Cormac just knew things weren’t operating correctly in his skull. The cold gridlinked Cormac observed this chaotic version of himself trying to re-establish some grip on reality. The aug creature’s attack had left organic damage to his brain, but it had also riddled it with new neural connections and Jain filaments. From both sides Cormac fought doubled perception, because almost like speaker and microphone in conjunction he instinctively knew that he could generate a feedback loop, which in this case would be fatal to him. It was with a kind of horror that he felt his idea of self seemingly slipping away from him, and in his striving to prevent this, he truly understood just how fragile was human awareness, the human ego—how it was just the surface of a very deep and dark pool.

Slowly Cormac returned. He regained organic control of his limbs, rather than through the implants inside his skull. But then he hit against the wall of his own pain. To return completely, he must completely feel the hole that had been ripped in behind his ear, his brain swollen inside his skull, and the central empty pit of a migraine that he knew would turn him blind and puking sick. Skellor brought him back some of the way, though not intentionally.

I will find you, agent.
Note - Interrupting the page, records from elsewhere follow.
lemma card_f2_subspace:
  assumes W: "f2_subspace n W"
  shows "card W = 2 ^ f2_dim n W"
proof -
  interpret V: vec_space "TYPE(bit)" n .
  have sm: "submodule class_ring W (F2V n)" using f2_subspace_submodule [OF W] .
  interpret VW: vectorspace class_ring "(F2V n)\<lparr>carrier := W\<rparr>"
    using V.subspace_is_vs [OF W] .
  have Wc: "W \<subseteq> carrier_vec n" using f2_subspace_carrier [OF W] .
  have "V.span W = W"
    using V.span_is_subset [OF _ sm] V.in_own_span [OF Wc] by auto
  then have "VW.fin_dim"
    unfolding VW.fin_dim_def
    using finite_f2_subspace [OF W] V.span_li_not_depend(1) [OF _ sm, of W] by auto
  then obtain \<beta> where fb: "finite \<beta>" and b: "VW.basis \<beta>"
    using VW.finite_basis_exists by blast
  have bW: "\<beta> \<subseteq> W" using b unfolding VW.basis_def by auto
  have "V.span \<beta> = W" and "\<not> V.lin_dep \<beta>"
    using b V.span_li_not_depend [OF bW sm] unfolding VW.basis_def by auto
  then have "card W = 2 ^ card \<beta>"
    using card_span_lin_indpt [OF fb] bW Wc by auto
  then show ?thesis unfolding f2_dim_def using VW.dim_basis [OF fb b] by simp
qed

lemma card_grass_member: "H \<in> grass m r \<Longrightarrow> card H = 2 ^ r"
  using grass_iff card_f2_subspace by metis

lemma finite_grass: "finite (grass m r)"
proof -
  have "grass m r \<subseteq> Pow (carrier_vec m)" using grass_iff f2_subspace_carrier by blast
  then show ?thesis using finite_carrier_vec_bit finite_subset by blast
qed

section \<open>Echelon bases\<close>

definition echelon_basis :: "nat \<Rightarrow> bit vec set \<Rightarrow> nat set \<Rightarrow> (nat \<Rightarrow> bit vec) \<Rightarrow> bool" where
  "echelon_basis m H I v \<longleftrightarrow> I \<subseteq> {0..<m} \<and>
     (\<forall>i\<in>I. v i \<in> H \<and> (\<forall>i'\<in>I. v i $ i' = (if i' = i then 1 else 0)) \<and> (\<forall>k<i. v i $ k = 0)) \<and>
     (\<forall>h\<in>H. h = vec m (\<lambda>k. \<Sum>i\<in>I. h $ i * v i $ k))"

lemma echelon_basisD:
  assumes "echelon_basis m H I v"
  shows "I \<subseteq> {0..<m}" "finite I" "\<And>i. i \<in> I \<Longrightarrow> v i \<in> H"
    "\<And>i i'. i \<in> I \<Longrightarrow> i' \<in> I \<Longrightarrow> v i $ i' = (if i' = i then 1 else 0)"
    "\<And>i k. i \<in> I \<Longrightarrow> k < i \<Longrightarrow> v i $ k = 0"
    "\<And>h. h \<in> H \<Longrightarrow> h = vec m (\<lambda>k. \<Sum>i\<in>I. h $ i * v i $ k)"
  using assms unfolding echelon_basis_def by (auto intro: finite_subset)

lemma f2_subspace_vanishing:
  assumes W: "f2_subspace m H" and p: "p < m"
  shows "f2_subspace m {h\<in>H. h $ p = 0}"
proof (rule f2_subspaceI)
  show "{h \<in> H. h $ p = 0} \<subseteq> carrier_vec m" using f2_subspace_carrier [OF W] by auto
  show "0\<^sub>v m \<in> {h \<in> H. h $ p = 0}" using f2_subspace_zero [OF W] p by auto
  show "x + y \<in> {h \<in> H. h $ p = 0}" if "x \<in> {h \<in> H. h $ p = 0}" "y \<in> {h \<in> H. h $ p = 0}" for x y
  proof -
    have "y \<in> carrier_vec m" using that f2_subspace_carrierD [OF W] by auto
    then show ?thesis using that f2_subspace_add [OF W] p by auto
  qed
  show "c \<cdot>\<^sub>v x \<in> {h \<in> H. h $ p = 0}" if "x \<in> {h \<in> H. h $ p = 0}" for c x
  proof -
    have "x \<in> carrier_vec m" using that f2_subspace_carrierD [OF W] by auto
    then show ?thesis using that f2_subspace_smult [OF W] p by auto
  qed
qed

text \<open>The induction step: an echelon basis of the hyperplane section \<open>h $ p = 0\<close> of \<open>H\<close>,
  where \<open>p\<close> is the first coordinate not vanishing on \<open>H\<close>, is completed by reducing a
  vector \<open>u\<close> with \<open>u $ p = 1\<close> against it.\<close>

lemma echelon_basis_reduce:
  assumes W: "f2_subspace m H" and p: "p < m" and uH: "u \<in> H" and u1: "u $ p = 1"
    and below: "\<And>h k. h \<in> H \<Longrightarrow> k < p \<Longrightarrow> h $ k = 0"
    and E': "echelon_basis m {h\<in>H. h $ p = 0} I' v'"
  defines "w \<equiv> vec m (\<lambda>k. u $ k + (\<Sum>i\<in>I'. u $ i * v' i $ k))"
  shows "p \<notin> I'" and "w \<in> H" and "w $ p = 1" and "\<And>i'. i' \<in> I' \<Longrightarrow> w $ i' = 0"
    and "\<And>k. k < p \<Longrightarrow> w $ k = 0"
proof -
  let ?H' = "{h\<in>H. h $ p = 0}"
  note D = echelon_basisD [OF E']
  have W': "f2_subspace m ?H'" using f2_subspace_vanishing [OF W p] .
  have gt: "p < i" if "i \<in> I'" for i
  proof -
    have "v' i \<in> H" "v' i $ i = 1" "v' i $ p = 0" using D(3,4) that by auto
    then show ?thesis using below [of "v' i" i] by (metis linorder_neqE_nat zero_neq_one)
  qed
  then show "p \<notin> I'" by blast
  have "w = u + vec m (\<lambda>k. \<Sum>i\<in>I'. u $ i * v' i $ k)"
    unfolding w_def using f2_subspace_carrierD [OF W uH] by (intro eq_vecI) auto
  moreover have "vec m (\<lambda>k. \<Sum>i\<in>I'. u $ i * v' i $ k) \<in> H"
    using f2_subspace_lincomb [OF W' D(2,3)] by auto
  ultimately show "w \<in> H" using f2_subspace_add [OF W uH] by simp
  have "(\<Sum>i\<in>I'. u $ i * v' i $ p) = 0"
    by (rule sum.neutral) (use D(3) in auto)
  then show "w $ p = 1"
    unfolding w_def using p u1 by simp
  show "w $ i' = 0" if "i' \<in> I'" for i'
  proof -
    have "(\<Sum>i\<in>I'. u $ i * v' i $ i') = (\<Sum>i\<in>I'. u $ i * (if i' = i then 1 else 0))"
      by (rule sum.cong) (use D(4) that in auto)
    then show ?thesis unfolding w_def using D(1) that sum_bit_delta [OF D(2)] by auto
  qed
  show "w $ k = 0" if "k < p" for k
  proof -
    have "(\<Sum>i\<in>I'. u $ i * v' i $ k) = 0"
      by (rule sum.neutral) (use D(5) gt that in force)
    then show ?thesis unfolding w_def using that p below [OF uH that] by simp
  qed
qed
My creatures are coming for you.

Along with Skellor’s threat came an image Cormac processed in his gridlink, breaking the remains of awareness he had positioned there. His head feeling on the point of exploding, he saw that projected image in the blind spot opening before him. Half-human creatures scuttled and loped out into the light. Many had pincers where their mouths should have been, or else opening and closing inside their mouths like the organic version of some grotesque doorknocker. One horror possessed a scorpion’s body with a partially human face moulded in chitin. After it came a centaurish thing with the upper half of a woman connected at the waist to an insectile segmented eight-legged lower half. Madness, utter madness, but what did it all mean?
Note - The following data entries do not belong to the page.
definition ghost_elt :: "'v \<times> 'e list \<Rightarrow> (('v,'e) lgen list \<Rightarrow> 'a) set" where
  "ghost_elt p = ghost_prod (snd p) \<otimes>\<^bsub>A\<^esub> vx (fst p)"

definition path_ghost :: "'v \<times> 'e list \<Rightarrow> 'v \<times> 'e list \<Rightarrow> (('v,'e) lgen list \<Rightarrow> 'a) set" where
  "path_ghost p q = path_elt p \<otimes>\<^bsub>A\<^esub> ghost_elt q"

lemma edge_prod_carrier [simp]: "edge_prod es \<in> carrier A"
  and ghost_prod_carrier [simp]: "ghost_prod es \<in> carrier A"
  and path_elt_carrier [simp]: "path_elt p \<in> carrier A"
  and ghost_elt_carrier [simp]: "ghost_elt p \<in> carrier A"
  and path_ghost_carrier [simp]: "path_ghost p q \<in> carrier A"
  by (simp_all add: edge_prod_def ghost_prod_def path_elt_def ghost_elt_def path_ghost_def)

lemma edge_prod_Nil: "edge_prod [] = \<one>\<^bsub>A\<^esub>"
  and ghost_prod_Nil: "ghost_prod [] = \<one>\<^bsub>A\<^esub>"
  and edge_prod_append: "edge_prod (xs @ ys) = edge_prod xs \<otimes>\<^bsub>A\<^esub> edge_prod ys"
  and ghost_prod_append: "ghost_prod (xs @ ys) = ghost_prod ys \<otimes>\<^bsub>A\<^esub> ghost_prod xs"
  by (simp_all add: edge_prod_def ghost_prod_def qword_Nil qword_append)

lemma edge_prod_Cons: "edge_prod (e # es) = ed e \<otimes>\<^bsub>A\<^esub> edge_prod es"
  and edge_prod_snoc: "edge_prod (es @ [e]) = edge_prod es \<otimes>\<^bsub>A\<^esub> ed e"
  and ghost_prod_Cons: "ghost_prod (e # es) = ghost_prod es \<otimes>\<^bsub>A\<^esub> gh e"
  and ghost_prod_snoc: "ghost_prod (es @ [e]) = gh e \<otimes>\<^bsub>A\<^esub> ghost_prod es"
  using edge_prod_append[of "[e]" es] edge_prod_append[of es "[e]"]
    ghost_prod_append[of "[e]" es] ghost_prod_append[of es "[e]"]
  by (simp_all add: edge_prod_def ghost_prod_def qword_single)

lemma edge_prod_vx:
  assumes "set es \<subseteq> E1" "es \<noteq> []" "w \<in> E0"
  shows "edge_prod es \<otimes>\<^bsub>A\<^esub> vx w = (if w = r (last es) then edge_prod es else \<zero>\<^bsub>A\<^esub>)"
proof -
  obtain xs l where es: "es = xs @ [l]" using assms(2) by (metis append_butlast_last_id)
  have "edge_prod es \<otimes>\<^bsub>A\<^esub> vx w = edge_prod xs \<otimes>\<^bsub>A\<^esub> (ed l \<otimes>\<^bsub>A\<^esub> vx w)"
    by (simp add: es edge_prod_snoc A.m_assoc)
  then show ?thesis using ed_vx[of l w] assms by (simp add: es edge_prod_snoc)
qed

lemma vx_edge_prod:
  assumes "set es \<subseteq> E1" "es \<noteq> []" "w \<in> E0"
  shows "vx w \<otimes>\<^bsub>A\<^esub> edge_prod es = (if w = s (hd es) then edge_prod es else \<zero>\<^bsub>A\<^esub>)"
proof -
  obtain e xs where es: "es = e # xs" using assms(2) by (cases es) auto
  have "vx w \<otimes>\<^bsub>A\<^esub> edge_prod es = (vx w \<otimes>\<^bsub>A\<^esub> ed e) \<otimes>\<^bsub>A\<^esub> edge_prod xs"
    by (simp add: es edge_prod_Cons A.m_assoc)
  then show ?thesis using vx_ed[of e w] assms by (simp add: es edge_prod_Cons)
qed

lemma ghost_prod_vx:
  assumes "set es \<subseteq> E1" "es \<noteq> []" "w \<in> E0"
  shows "ghost_prod es \<otimes>\<^bsub>A\<^esub> vx w = (if w = s (hd es) then ghost_prod es else \<zero>\<^bsub>A\<^esub>)"
proof -
  obtain e xs where es: "es = e # xs" using assms(2) by (cases es) auto
  have "ghost_prod es \<otimes>\<^bsub>A\<^esub> vx w = ghost_prod xs \<otimes>\<^bsub>A\<^esub> (gh e \<otimes>\<^bsub>A\<^esub> vx w)"
    by (simp add: es ghost_prod_Cons A.m_assoc)
  then show ?thesis using gh_vx[of e w] assms by (simp add: es ghost_prod_Cons)
qed

lemma vx_ghost_prod:
  assumes "set es \<subseteq> E1" "es \<noteq> []" "w \<in> E0"
  shows "vx w \<otimes>\<^bsub>A\<^esub> ghost_prod es = (if w = r (last es) then ghost_prod es else \<zero>\<^bsub>A\<^esub>)"
proof -
  obtain xs l where es: "es = xs @ [l]" using assms(2) by (metis append_butlast_last_id)
  have "vx w \<otimes>\<^bsub>A\<^esub> ghost_prod es = (vx w \<otimes>\<^bsub>A\<^esub> gh l) \<otimes>\<^bsub>A\<^esub> ghost_prod xs"
    by (simp add: es ghost_prod_snoc A.m_assoc)
  then show ?thesis using vx_gh[of l w] assms by (simp add: es ghost_prod_snoc)
qed

lemma path_elt_vx:
  assumes "gp p" "w \<in> E0"
  shows "path_elt p \<otimes>\<^bsub>A\<^esub> vx w = (if w = path_range r p then path_elt p else \<zero>\<^bsub>A\<^esub>)"
proof (cases "snd p = []")
  case True
  then show ?thesis using rel_V[OF gpath_fst_in[OF assms(1)] assms(2)]
    by (auto simp: path_elt_def edge_prod_Nil path_range_def)
next
  case False
  have "path_elt p \<otimes>\<^bsub>A\<^esub> vx w = vx (fst p) \<otimes>\<^bsub>A\<^esub> (edge_prod (snd p) \<otimes>\<^bsub>A\<^esub> vx w)"
    by (simp add: path_elt_def A.m_assoc)
  then show ?thesis
    using edge_prod_vx[OF gpath_edges_in[OF assms(1)] False assms(2)] False
    by (simp add: path_range_def path_elt_def)
qed

lemma vx_path_elt:
  assumes "gp p" "w \<in> E0"
  shows "vx w \<otimes>\<^bsub>A\<^esub> path_elt p = (if w = fst p then path_elt p else \<zero>\<^bsub>A\<^esub>)"
proof -
  have "vx w \<otimes>\<^bsub>A\<^esub> path_elt p = (vx w \<otimes>\<^bsub>A\<^esub> vx (fst p)) \<otimes>\<^bsub>A\<^esub> edge_prod (snd p)"
    by (simp add: path_elt_def A.m_assoc)
  then show ?thesis using rel_V[OF assms(2) gpath_fst_in[OF assms(1)]] by (simp add: path_elt_def)
qed

lemma ghost_elt_vx:
  assumes "gp p" "w \<in> E0"
  shows "ghost_elt p \<otimes>\<^bsub>A\<^esub> vx w = (if w = fst p then ghost_elt p else \<zero>\<^bsub>A\<^esub>)"
proof -
  have "ghost_elt p \<otimes>\<^bsub>A\<^esub> vx w = ghost_prod (snd p) \<otimes>\<^bsub>A\<^esub> (vx (fst p) \<otimes>\<^bsub>A\<^esub> vx w)"
    by (simp add: ghost_elt_def A.m_assoc)
  then show ?thesis using rel_V[OF gpath_fst_in[OF assms(1)] assms(2)] by (auto simp: ghost_elt_def)
qed

lemma vx_ghost_elt:
  assumes "gp p" "w \<in> E0"
  shows "vx w \<otimes>\<^bsub>A\<^esub> ghost_elt p = (if w = path_range r p then ghost_elt p else \<zero>\<^bsub>A\<^esub>)"
proof (cases "snd p = []")
  case True
  then show ?thesis using rel_V[OF assms(2) gpath_fst_in[OF assms(1)]]
    by (auto simp: ghost_elt_def ghost_prod_Nil path_range_def)
next
  case False
  have "vx w \<otimes>\<^bsub>A\<^esub> ghost_elt p = (vx w \<otimes>\<^bsub>A\<^esub> ghost_prod (snd p)) \<otimes>\<^bsub>A\<^esub> vx (fst p)"
    by (simp add: ghost_elt_def A.m_assoc)
  then show ?thesis
    using vx_ghost_prod[OF gpath_edges_in[OF assms(1)] False assms(2)] False
    by (simp add: path_range_def ghost_elt_def)
qed

lemma path_elt_mult:
  assumes "gp p" "gp q"
  shows "path_elt p \<otimes>\<^bsub>A\<^esub> path_elt q
    = (if path_range r p = fst q then path_elt (fst p, snd p @ snd q) else \<zero>\<^bsub>A\<^esub>)"
proof -
  have "path_elt p \<otimes>\<^bsub>A\<^esub> path_elt q = (path_elt p \<otimes>\<^bsub>A\<^esub> vx (fst q)) \<otimes>\<^bsub>A\<^esub> edge_prod (snd q)"
    by (simp add: path_elt_def[of q] A.m_assoc)
  also have "\<dots> = (if path_range r p = fst q then path_elt (fst p, snd p @ snd q) else \<zero>\<^bsub>A\<^esub>)"
    using path_elt_vx[OF assms(1) gpath_fst_in[OF assms(2)]]
    by (auto simp: path_elt_def edge_prod_append A.m_assoc)
  finally show ?thesis .
qed

lemma ghost_elt_mult:
  assumes "gp p" "gp q"
  shows "ghost_elt p \<otimes>\<^bsub>A\<^esub> ghost_elt q
    = (if path_range r q = fst p then ghost_elt (fst q, snd q @ snd p) else \<zero>\<^bsub>A\<^esub>)"
proof -
  have "ghost_elt p \<otimes>\<^bsub>A\<^esub> ghost_elt q = ghost_prod (snd p) \<otimes>\<^bsub>A\<^esub> (vx (fst p) \<otimes>\<^bsub>A\<^esub> ghost_elt q)"
    by (simp add: ghost_elt_def[of p] A.m_assoc)
  also have "\<dots> = (if path_range r q = fst p then ghost_elt (fst q, snd q @ snd p) else \<zero>\<^bsub>A\<^esub>)"
    using vx_ghost_elt[OF assms(2) gpath_fst_in[OF assms(1)]]
    by (auto simp: ghost_elt_def ghost_prod_append A.m_assoc)
  finally show ?thesis .
qed

lemma ghost_path_mult_Cons:
  assumes b: "b \<in> E1" and c: "c \<in> E1"
  shows "ghost_elt (s b, b # bs) \<otimes>\<^bsub>A\<^esub> path_elt (s c, c # cs)
    = (if b = c then ghost_elt (r b, bs) \<otimes>\<^bsub>A\<^esub> path_elt (r b, cs) else \<zero>\<^bsub>A\<^esub>)"
proof -
  have "ghost_elt (s b, b # bs) = ghost_prod bs \<otimes>\<^bsub>A\<^esub> gh b"
    using rel_G2[OF b] by (simp add: ghost_elt_def ghost_prod_Cons A.m_assoc)
  moreover have "path_elt (s c, c # cs) = ed c \<otimes>\<^bsub>A\<^esub> edge_prod cs"
    using rel_E1[OF c] by (simp add: path_elt_def edge_prod_Cons A.m_assoc[symmetric])
  ultimately have "ghost_elt (s b, b # bs) \<otimes>\<^bsub>A\<^esub> path_elt (s c, c # cs)
      = ghost_prod bs \<otimes>\<^bsub>A\<^esub> (gh b \<otimes>\<^bsub>A\<^esub> ed c) \<otimes>\<^bsub>A\<^esub> edge_prod cs"
    by (simp add: A.m_assoc)
  also have "\<dots> = (if b = c then ghost_elt (r b, bs) \<otimes>\<^bsub>A\<^esub> path_elt (r b, cs) else \<zero>\<^bsub>A\<^esub>)"
  proof (cases "b = c")
    case True
    have "ghost_elt (r b, bs) \<otimes>\<^bsub>A\<^esub> path_elt (r b, cs)
        = ghost_prod bs \<otimes>\<^bsub>A\<^esub> (vx (r b) \<otimes>\<^bsub>A\<^esub> vx (r b)) \<otimes>\<^bsub>A\<^esub> edge_prod cs"
      by (simp add: ghost_elt_def path_elt_def A.m_assoc)
    then show ?thesis
      using True rel_CK1[OF b c] rel_V[OF range_in_E0[OF b] range_in_E0[OF b]] by simp
  qed (simp add: rel_CK1[OF b c])
  finally show ?thesis .
qed

text \<open>The Cuntz--Krieger relation \<open>e\<^sup>* f = \<delta>\<^sub>e\<^sub>f r(e)\<close> cancels the common prefix of two
  paths; what survives is zero, a path, or a ghost path.\<close>

lemma ghost_path_mult_cases:
  assumes "gp (v, bs)" "gp (u, cs)"
  shows "ghost_elt (v, bs) \<otimes>\<^bsub>A\<^esub> path_elt (u, cs) = \<zero>\<^bsub>A\<^esub>
    \<or> (\<exists>q. gp q \<and> length bs + length (snd q) = length cs
           \<and> ghost_elt (v, bs) \<otimes>\<^bsub>A\<^esub> path_elt (u, cs) = path_elt q)
    \<or> (\<exists>q. gp q \<and> length cs + length (snd q) = length bs
           \<and> ghost_elt (v, bs) \<otimes>\<^bsub>A\<^esub> path_elt (u, cs) = ghost_elt q)"
  using assms
proof (induction bs arbitrary: v u cs)
  case Nil
  have "ghost_elt (v, []) \<otimes>\<^bsub>A\<^esub> path_elt (u, cs) = (if v = u then path_elt (u, cs) else \<zero>\<^bsub>A\<^esub>)"
    using vx_path_elt[OF Nil(2) gpath_fst_in[OF Nil(1)]] by (simp add: ghost_elt_def ghost_prod_Nil)
  then show ?case using Nil by auto
next
  case (Cons b bs)
  have b: "b \<in> E1" and vb: "v = s b" and bs: "gp (r b, bs)"
    using Cons.prems(1) range_in_E0 by (auto simp: gpath_simp edge_path_Cons)
  show ?case
  proof (cases cs)
    case Nil
    have "ghost_elt (v, b # bs) \<otimes>\<^bsub>A\<^esub> path_elt (u, cs) = (if u = v then ghost_elt (v, b # bs) else \<zero>\<^bsub>A\<^esub>)"
      using ghost_elt_vx[OF Cons.prems(1) gpath_fst_in[OF Cons.prems(2)]]
      by (simp add: Nil path_elt_def edge_prod_Nil)
    then show ?thesis
    proof (cases "u = v")
      case True
      then show ?thesis using \<open>_ = (if u = v then _ else _)\<close> Cons.prems(1) Nil
        by (intro disjI2 exI[of _ "(v, b # bs)"]) simp
    qed simp
  next
    case (Cons c cs')
    have c: "c \<in> E1" and uc: "u = s c" and cs': "gp (r c, cs')"
      using Cons.prems(2) range_in_E0 by (auto simp: Cons gpath_simp edge_path_Cons)
    show ?thesis
      using ghost_path_mult_Cons[OF b c, of bs cs'] Cons.IH[OF bs, of "r b" cs'] cs'
      by (auto simp: Cons vb uc)
  qed
qed

lemma path_ghost_mult_cases:
  assumes "gp a" "gp b" "gp c" "gp d" "length (snd a) = length (snd b)" "length (snd c) = length (snd d)"
  shows "path_ghost a b \<otimes>\<^bsub>A\<^esub> path_ghost c d = \<zero>\<^bsub>A\<^esub> \<or>
    (\<exists>a' d'. gp a' \<and> gp d' \<and> length (snd a') = length (snd d')
       \<and> path_ghost a b \<otimes>\<^bsub>A\<^esub> path_ghost c d = path_ghost a' d')"
proof -
  have eq: "path_ghost a b \<otimes>\<^bsub>A\<^esub> path_ghost c d
      = path_elt a \<otimes>\<^bsub>A\<^esub> (ghost_elt b \<otimes>\<^bsub>A\<^esub> path_elt c) \<otimes>\<^bsub>A\<^esub> ghost_elt d"
    by (simp add: path_ghost_def A.m_assoc)
  from ghost_path_mult_cases[of "fst b" "snd b" "fst c" "snd c"] assms
  consider (zero) "ghost_elt b \<otimes>\<^bsub>A\<^esub> path_elt c = \<zero>\<^bsub>A\<^esub>"
    | (path) q where "gp q" "length (snd b) + length (snd q) = length (snd c)"
        "ghost_elt b \<otimes>\<^bsub>A\<^esub> path_elt c = path_elt q"
    | (ghost) q where "gp q" "length (snd c) + length (snd q) = length (snd b)"
        "ghost_elt b \<otimes>\<^bsub>A\<^esub> path_elt c = ghost_elt q"
    by auto
  then show ?thesis
  proof cases
    case zero
    then show ?thesis using eq by simp
  next
    case path
    have prod: "path_ghost a b \<otimes>\<^bsub>A\<^esub> path_ghost c d
        = (if path_range r a = fst q then path_ghost (fst a, snd a @ snd q) d else \<zero>\<^bsub>A\<^esub>)"
      using eq path path_elt_mult[OF assms(1) path(1)] by (simp add: path_ghost_def)
    show ?thesis
    proof (cases "path_range r a = fst q")
      case True
      then show ?thesis using prod gpath_concat[OF assms(1) path(1)] assms(4-6) path(2)
        by (intro disjI2 exI[of _ "(fst a, snd a @ snd q)"] exI[of _ d]) simp
    qed (use prod in simp)
  next
    case ghost
    have prod: "path_ghost a b \<otimes>\<^bsub>A\<^esub> path_ghost c d
        = (if path_range r d = fst q then path_ghost a (fst d, snd d @ snd q) else \<zero>\<^bsub>A\<^esub>)"
      using eq ghost ghost_elt_mult[OF ghost(1) assms(4)] by (simp add: path_ghost_def A.m_assoc)
    show ?thesis
    proof (cases "path_range r d = fst q")
      case True
      then show ?thesis using prod gpath_concat[OF assms(4) ghost(1)] assms(1,5,6) ghost(2)
        by (intro disjI2 exI[of _ a] exI[of _ "(fst d, snd d @ snd q)"]) simp
    qed (use prod in simp)
  qed
qed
Blinding pain blossoming behind his eyes, Cormac vomited, but resisted the impulse to respond to that communication. Gritting his teeth against the next heave of his stomach, he groped in the thigh pocket of his environment suit, found a medkit and pulled from it a reel of analgesic patches. He wanted to scream at Skellor that the man could not have made these by-blow monstrosities, that it was all a lie. As the first, second, then third patch began to flood his body with their balm, he perceived that the image was indeed real—and guessed the source of those ugly creatures Skellor now controlled.